Dataset entries:
—————

lemma resolvent_lower_toeplitz:
  assumes "z \<noteq> 0" "fps_nth a 0 = 0"
  shows "resolvent (lower_toeplitz n a) z = lower_toeplitz n (neumann_sum a n z)"
proof (rule resolvent_eqI)
  have shift: "z \<cdot>\<^sub>m 1\<^sub>m n - lower_toeplitz n a = lower_toeplitz n (fps_const z - a)"
    by (simp add: lower_toeplitz_diff lower_toeplitz_const)
  have inverse: "lower_toeplitz n ((fps_const z - a) * neumann_sum a n z) = 1\<^sub>m n"
    unfolding neumann_sum_telescope[OF assms(1)] lower_toeplitz_one[symmetric]
    using fps_nth_power_eq_0[OF assms(2)] by (intro lower_toeplitz_cong) auto
  show "(z \<cdot>\<^sub>m 1\<^sub>m n - lower_toeplitz n a) * lower_toeplitz n (neumann_sum a n z) = 1\<^sub>m n"
    unfolding shift lower_toeplitz_mult inverse ..
  show "lower_toeplitz n (neumann_sum a n z) * (z \<cdot>\<^sub>m 1\<^sub>m n - lower_toeplitz n a) = 1\<^sub>m n"
    unfolding shift lower_toeplitz_mult using inverse by (simp add: mult.commute)
qed auto

lemma has_contour_integral_circlepath_param:
  assumes "(f has_contour_integral I) (circlepath z \<rho>)"
  shows "((\<lambda>t. f (z + of_real \<rho> * cis t) * (\<i> * of_real \<rho> * cis t)) has_integral I) {0..2*pi}"
proof -
  define h where "h = (\<lambda>t. f (z + of_real \<rho> * cis t) * (\<i> * of_real \<rho> * cis t))"
  have "((\<lambda>t. f (circlepath z \<rho> t) * vector_derivative (circlepath z \<rho>) (at t within {0..1}))
      has_integral I) {0..1}"
    using assms unfolding has_contour_integral_def .
  hence "((\<lambda>t. of_real (2*pi) * h (2*pi*t)) has_integral I) {0..1}"
  proof (rule has_integral_spike_finite[where S="{}", rotated 2], simp)
    fix t :: real assume "t \<in> {0..1} - {}"
    hence "vector_derivative (circlepath z \<rho>) (at t within {0..1}) =
        2 * pi * \<i> * \<rho> * exp (2 * of_real pi * \<i> * t)"
      by (intro vector_derivative_circlepath01) auto
    moreover have "cis (2*pi*t) = exp (2 * of_real pi * \<i> * of_real t)"
      by (simp add: cis_conv_exp mult_ac)
    ultimately show "of_real (2*pi) * h (2*pi*t) =
        f (circlepath z \<rho> t) * vector_derivative (circlepath z \<rho>) (at t within {0..1})"
      unfolding h_def by (simp add: circlepath field_simps)
  qed
  hence "((\<lambda>t. h (2*pi*t)) has_integral (I / of_real (2*pi))) {0..1}"
    using has_integral_mult_right[of "\<lambda>t. of_real (2*pi) * h (2*pi*t)" I "{0..1}" "1 / of_real (2*pi)"]
    by simp
  moreover have "(\<lambda>x. x / (2*pi)) ` {0..2*pi} = {0..1::real}"
    by (auto simp: image_iff intro!: bexI[where x="_ * (2*pi)"])
  ultimately have "((\<lambda>t. h (2*pi*t)) has_integral (I / of_real (2*pi))) ((\<lambda>x. x / (2*pi)) ` {0..2*pi})"
    by simp
  hence "(h has_integral (\<bar>2*pi\<bar> *\<^sub>R (I / of_real (2*pi)))) {0..2*pi}"
    by (subst (asm) has_integral_stretch_real_iff) auto
  thus ?thesis unfolding h_def by (simp add: scaleR_conv_of_real)
qed

lemma Cauchy_higher_derivative_circle_param:
  assumes holo: "f holomorphic_on ball 0 R" and \<rho>: "0 < \<rho>" "\<rho> < R"
  shows "((\<lambda>t. f (of_real \<rho> * cis t) / (of_real \<rho> * cis t) ^ Suc k * (\<i> * of_real \<rho> * cis t))
           has_integral (2*pi*\<i> / fact k * (deriv^^k) f 0)) {0..2*pi}"
proof -
  have "cball 0 \<rho> \<subseteq> ball (0::complex) R" using \<rho> by auto
  hence "continuous_on (cball 0 \<rho>) f"
    using holomorphic_on_imp_continuous_on[OF holo] continuous_on_subset by blast
  moreover have "f holomorphic_on ball 0 \<rho>"
    using holo by (rule holomorphic_on_subset) (use \<rho> in auto)
  ultimately have "((\<lambda>u. f u / (u - 0) ^ Suc k) has_contour_integral
      (2*pi*\<i> / fact k * (deriv^^k) f 0)) (circlepath 0 \<rho>)"
    using \<rho> by (intro Cauchy_has_contour_integral_higher_derivative_circlepath) auto
  from has_contour_integral_circlepath_param[OF this] show ?thesis
    by (simp only: add_0 diff_zero)
qed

—————

Task requirements: Lines from the one with "by (subst (asm)" through the last line above must be printed exactly; no other line is to appear.

Result for this exercise:
    by (subst (asm) has_integral_stretch_real_iff) auto
  thus ?thesis unfolding h_def by (simp add: scaleR_conv_of_real)
qed

lemma Cauchy_higher_derivative_circle_param:
  assumes holo: "f holomorphic_on ball 0 R" and \<rho>: "0 < \<rho>" "\<rho> < R"
  shows "((\<lambda>t. f (of_real \<rho> * cis t) / (of_real \<rho> * cis t) ^ Suc k * (\<i> * of_real \<rho> * cis t))
           has_integral (2*pi*\<i> / fact k * (deriv^^k) f 0)) {0..2*pi}"
proof -
  have "cball 0 \<rho> \<subseteq> ball (0::complex) R" using \<rho> by auto
  hence "continuous_on (cball 0 \<rho>) f"
    using holomorphic_on_imp_continuous_on[OF holo] continuous_on_subset by blast
  moreover have "f holomorphic_on ball 0 \<rho>"
    using holo by (rule holomorphic_on_subset) (use \<rho> in auto)
  ultimately have "((\<lambda>u. f u / (u - 0) ^ Suc k) has_contour_integral
      (2*pi*\<i> / fact k * (deriv^^k) f 0)) (circlepath 0 \<rho>)"
    using \<rho> by (intro Cauchy_has_contour_integral_higher_derivative_circlepath) auto
  from has_contour_integral_circlepath_param[OF this] show ?thesis
    by (simp only: add_0 diff_zero)
qed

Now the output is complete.